### YOUR OBJECTIVE:
Some entries follow. Reproduce exactly the lines starting at the one with "Hermite parity forces" and stopping after the one with "- q) = cpoly".

### DATASET RECORDS:
● ● ● ●

(* Let $\{\lambda_n\}_{n=0}^\infty$ be a non-trivial non-negative (classical) multiplier sequence and let $T$ be the linear operator on $\mathbb{R}[x]$ with $T(H_n)=\lambda_nH_n$ for all $n$, so that $G_T(x,y)=e^{y^2/4}\sum_{k\ge0}\frac{\lambda_kH_k(x)(-y)^k}{2^kk!}$. Then $G_T(-x,y)\notin\mathscr{L\text{-}P}_2(\mathbb{R})$.
   Context: The Hermite polynomials are defined by $\exp(2xt-t^2)=\sum_{n\ge0}\frac{H_n(x)}{n!}t^n$. A multiplier sequence is a real sequence $\{\lambda_n\}$ such that $x^n\mapsto\lambda_nx^n$ maps real-rooted polynomials to real-rooted polynomials. A sequence is trivial if there is $k$ with $\lambda_n=0$ for all $n\notin\{k,k+1\}$. The symbol of a linear operator $T$ on $\mathbb{R}[x]$ is $G_T(x,y)=\sum_{n\ge0}\frac{(-1)^nT(x^n)}{n!}y^n$. A polynomial in $\mathbb{C}[x,y]$ is stable if it has no zero with $\operatorname{Im}x>0,\operatorname{Im}y>0$; $\mathscr{L\text{-}P}_2(\mathbb{R})$ is the class of real entire functions of two variables that are limits, uniformly on compact subsets of $\mathbb{C}^2$, of real stable polynomials. *)

theory Defs
  imports "HOL-Analysis.Analysis" "HOL-Computational_Algebra.Polynomial"
begin

text \<open>Physicists' Hermite polynomials, given by the standard three-term recurrence
  equivalent to the generating function exp(2xt - t^2) = sum H_n(x) t^n / n!.\<close>
fun hermite :: "nat \<Rightarrow> real poly" where
  "hermite 0 = 1"
| "hermite (Suc 0) = [:0, 2:]"
| "hermite (Suc (Suc n)) = [:0, 2:] * hermite (Suc n) - smult (2 * real (Suc n)) (hermite n)"

definition real_rooted :: "real poly \<Rightarrow> bool" where
  "real_rooted p \<longleftrightarrow> p = 0 \<or> (\<forall>z::complex. poly (map_poly of_real p) z = 0 \<longrightarrow> Im z = 0)"

definition diag_op :: "(nat \<Rightarrow> real) \<Rightarrow> real poly \<Rightarrow> real poly" where
  "diag_op lam p = (\<Sum>n\<le>degree p. monom (lam n * coeff p n) n)"

definition multiplier_sequence :: "(nat \<Rightarrow> real) \<Rightarrow> bool" where
  "multiplier_sequence lam \<longleftrightarrow> (\<forall>p. real_rooted p \<longrightarrow> real_rooted (diag_op lam p))"

definition trivial_seq :: "(nat \<Rightarrow> real) \<Rightarrow> bool" where
  "trivial_seq lam \<longleftrightarrow> (\<exists>k. \<forall>n. n \<notin> {k, Suc k} \<longrightarrow> lam n = 0)"

definition symbol :: "(real poly \<Rightarrow> real poly) \<Rightarrow> complex \<Rightarrow> complex \<Rightarrow> complex" where
  "symbol T x y = (\<Sum>n. (-1) ^ n * poly (map_poly of_real (T (monom 1 n))) x * y ^ n / of_nat (fact n))"

definition real_poly2 :: "(complex \<Rightarrow> complex \<Rightarrow> complex) \<Rightarrow> bool" where
  "real_poly2 f \<longleftrightarrow> (\<exists>N (c :: nat \<Rightarrow> nat \<Rightarrow> real).
     \<forall>x y. f x y = (\<Sum>i\<le>N. \<Sum>j\<le>N. of_real (c i j) * x ^ i * y ^ j))"

definition stable2 :: "(complex \<Rightarrow> complex \<Rightarrow> complex) \<Rightarrow> bool" where
  "stable2 f \<longleftrightarrow> (\<forall>x y. Im x > 0 \<longrightarrow> Im y > 0 \<longrightarrow> f x y \<noteq> 0)"

text \<open>Laguerre--P\'olya class in two variables: locally uniform limits on C^2 of real stable polynomials.\<close>
definition LP2 :: "(complex \<Rightarrow> complex \<Rightarrow> complex) \<Rightarrow> bool" where
  "LP2 f \<longleftrightarrow> (\<exists>p :: nat \<Rightarrow> complex \<Rightarrow> complex \<Rightarrow> complex.
     (\<forall>k. real_poly2 (p k) \<and> stable2 (p k)) \<and>
     (\<forall>K :: (complex \<times> complex) set. compact K \<longrightarrow>
        uniform_limit K (\<lambda>k z. p k (fst z) (snd z)) (\<lambda>z. f (fst z) (snd z)) sequentially))"

end

theory Submission
  imports Defs "HOL-Computational_Algebra.Fundamental_Theorem_Algebra"
begin

(*
  Suppose the reflected symbol
  f(x,y) = G_T(-x,y) were a locally uniform limit of real stable polynomials.  On the line
  (x,y) = (alpha z, z), alpha > 0, which maps the upper half plane into the product of upper
  half planes, these become real-rooted polynomials G_k converging uniformly on circles to
  F(z) = f(alpha z, z).  So the Taylor coefficients c_j of F are limits of coefficients of
  real-rooted polynomials and obey Newton's inequality j!(j+2)! c_j c_{j+2} <= ((j+1)! c_{j+1})^2.
  Hermite parity forces c_j = 0 for odd j, whereas for j = 2m, 2m+2, with lam_m, lam_{m+1} > 0
  adjacent positive terms (non-triviality plus absence of gaps), c_j is a polynomial in alpha
  with positive leading coefficient; a large alpha contradicts Newton's inequality.
*)

definition cpoly :: "real poly \<Rightarrow> complex poly" where
  "cpoly p = map_poly of_real p"

lemma coeff_cpoly [simp]: "coeff (cpoly p) n = of_real (coeff p n)"
  by (simp add: cpoly_def coeff_map_poly)

lemma cpoly_0 [simp]: "cpoly 0 = 0"
  and cpoly_1 [simp]: "cpoly 1 = 1"
  and cpoly_add [simp]: "cpoly (p + q) = cpoly p + cpoly q"
  and cpoly_diff [simp]: "cpoly (p - q) = cpoly p - cpoly q"
  and cpoly_smult [simp]: "cpoly (smult c p) = smult (of_real c) (cpoly p)"
  and cpoly_mult [simp]: "cpoly (p * q) = cpoly p * cpoly q"
  and cpoly_pderiv [simp]: "cpoly (pderiv p) = pderiv (cpoly p)"
  and cpoly_monom [simp]: "cpoly (monom c n) = monom (of_real c) n"
  and cpoly_pCons [simp]: "cpoly (pCons a p) = pCons (of_real a) (cpoly p)"
  by (auto intro!: poly_eqI simp: coeff_1 coeff_mult coeff_pderiv coeff_monom coeff_pCons
      split: nat.splits)

lemma cpoly_power [simp]: "cpoly (p ^ n) = cpoly p ^ n"
  by (induction n) simp_all

lemma cpoly_sum: "cpoly (\<Sum>k\<in>A. f k) = (\<Sum>k\<in>A. cpoly (f k))"
  by (induction A rule: infinite_finite_induct) auto

lemma degree_cpoly [simp]: "degree (cpoly p) = degree p"
  by (simp add: cpoly_def degree_map_poly)

lemma poly_cpoly_of_real: "poly (cpoly p) (of_real x) = of_real (poly p x)"
  by (induction p) auto

lemma poly_cpoly_cnj: "poly (cpoly p) (cnj z) = cnj (poly (cpoly p) z)"
  by (subst poly_cnj_real) auto

lemma sum_atMost_extend:
  fixes f :: "nat \<Rightarrow> 'a::comm_monoid_add"
  assumes "M \<le> N" "\<And>k. M < k \<Longrightarrow> f k = 0"
  shows "(\<Sum>k\<le>N. f k) = (\<Sum>k\<le>M. f k)"
  using assms by (intro sum.mono_neutral_right) auto

lemma poly_cpoly_sum:
  "degree P \<le> n \<Longrightarrow> poly (cpoly P) w = (\<Sum>i\<le>n. of_real (coeff P i) * w ^ i)"
  by (simp add: poly_altdef) (rule sum_atMost_extend[symmetric], auto simp: coeff_eq_0)

section \<open>Real-rooted polynomials\<close>

lemma real_rooted_iff: "real_rooted p \<longleftrightarrow> p = 0 \<or> (\<forall>z. poly (cpoly p) z = 0 \<longrightarrow> Im z = 0)"
  by (simp add: real_rooted_def cpoly_def)

text \<open>Non-real roots come in conjugate pairs, so it suffices to exclude roots in the
  open upper half plane.\<close>
lemma real_rootedI_upper:
  assumes "\<And>z. Im z > 0 \<Longrightarrow> poly (cpoly p) z \<noteq> 0"
  shows "real_rooted p"
  unfolding real_rooted_iff
proof (intro disjI2 allI impI)
  fix z assume z: "poly (cpoly p) z = 0"
  show "Im z = 0"
  proof (rule ccontr)
    assume "Im z \<noteq> 0"
    then have "Im z > 0 \<or> Im (cnj z) > 0" by force
    moreover have "poly (cpoly p) (cnj z) = 0" using z by (simp add: poly_cpoly_cnj)
    ultimately show False using assms z by blast
  qed
qed

lemma real_rooted_nonzero:
  "real_rooted q \<Longrightarrow> q \<noteq> 0 \<Longrightarrow> Im z \<noteq> 0 \<Longrightarrow> poly (cpoly q) z \<noteq> 0"
  unfolding real_rooted_iff by auto

lemma real_rooted_factor_cancel:
  assumes "p \<noteq> 0" "real_rooted (p * q)"
  shows "real_rooted q"
  using assms by (cases "q = 0") (auto simp: real_rooted_iff)

lemma real_rooted_split_root:
  assumes "real_rooted q" "degree q > 0"
  obtains r h where "q = [:-r, 1:] * h" "real_rooted h" "h \<noteq> 0"
proof -
  have q0: "q \<noteq> 0" using assms(2) by auto
  have "\<not> constant (poly (cpoly q))" using assms(2) by (simp add: constant_degree)
  then obtain z where z: "poly (cpoly q) z = 0" using fundamental_theorem_of_algebra by blast
  have "z = of_real (Re z)"
    using assms(1) z q0 by (simp add: real_rooted_iff complex_eq_iff)
  then have "poly q (Re z) = 0" using z poly_cpoly_of_real[of q "Re z"] by simp
  then obtain h where h: "q = [:-Re z, 1:] * h" using poly_eq_0_iff_dvd by blast
  with q0 assms(1) show ?thesis
    by (intro that[OF h]) (auto intro: real_rooted_factor_cancel[of "[:-Re z, 1:]"])
qed

lemma degree_linear_factor:
  fixes h :: "real poly"
  shows "h \<noteq> 0 \<Longrightarrow> degree ([:-r, 1:] * h) = degree h + 1"
  by (subst degree_mult_eq) auto

text \<open>The logarithmic derivative q'/q of a real-rooted polynomial maps the upper half
  plane into the lower half plane, since it is a sum of terms 1/(z - r) with r real.\<close>
lemma real_rooted_logderiv_Im_neg:
  assumes "real_rooted q" "degree q > 0" "Im z > 0"
  shows "Im (poly (cpoly (pderiv q)) z / poly (cpoly q) z) < 0"
  using assms
proof (induction "degree q" arbitrary: q rule: less_induct)
  case less
  obtain r h where h: "q = [:-r, 1:] * h" "real_rooted h" "h \<noteq> 0"
    using real_rooted_split_root less.prems by blast
  have hz: "poly (cpoly h) z \<noteq> 0" using real_rooted_nonzero h less.prems by auto
  have zr: "z - of_real r \<noteq> 0" using less.prems(3) by (auto simp: complex_eq_iff)
  have pq: "poly (cpoly q) z = (z - of_real r) * poly (cpoly h) z"
    by (simp add: h(1) algebra_simps)
  have "pderiv q = [:-r, 1:] * pderiv h + h"
    unfolding h(1) pderiv_mult by (simp add: pderiv_pCons)
  then have pdq: "poly (cpoly (pderiv q)) z = (z - of_real r) * poly (cpoly (pderiv h)) z + poly (cpoly h) z"
    by (simp only: cpoly_add cpoly_mult poly_add poly_mult) simp
  have "poly (cpoly (pderiv q)) z / poly (cpoly q) z
      = poly (cpoly (pderiv h)) z / poly (cpoly h) z + 1 / (z - of_real r)"
    unfolding pq pdq using hz zr by (simp add: field_simps)
  moreover have "Im (1 / (z - of_real r)) < 0"
    using less.prems(3) zr by (simp add: Im_divide divide_neg_pos add_nonneg_pos)
  moreover have "Im (poly (cpoly (pderiv h)) z / poly (cpoly h) z) \<le> 0"
  proof (cases "degree h = 0")
    case True
    then show ?thesis by (simp add: pderiv_eq_0_iff[symmetric])
  next
    case False
    then show ?thesis
      using less.hyps[of h] degree_linear_factor[OF h(3)] h less.prems by fastforce
  qed
  ultimately show ?case by simp
qed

● ● ● ●

### FINISHED EXERCISE:
  Hermite parity forces c_j = 0 for odd j, whereas for j = 2m, 2m+2, with lam_m, lam_{m+1} > 0
  adjacent positive terms (non-triviality plus absence of gaps), c_j is a polynomial in alpha
  with positive leading coefficient; a large alpha contradicts Newton's inequality.
*)

definition cpoly :: "real poly \<Rightarrow> complex poly" where
  "cpoly p = map_poly of_real p"

lemma coeff_cpoly [simp]: "coeff (cpoly p) n = of_real (coeff p n)"
  by (simp add: cpoly_def coeff_map_poly)

lemma cpoly_0 [simp]: "cpoly 0 = 0"
  and cpoly_1 [simp]: "cpoly 1 = 1"
  and cpoly_add [simp]: "cpoly (p + q) = cpoly p + cpoly q"
  and cpoly_diff [simp]: "cpoly (p - q) = cpoly p - cpoly q"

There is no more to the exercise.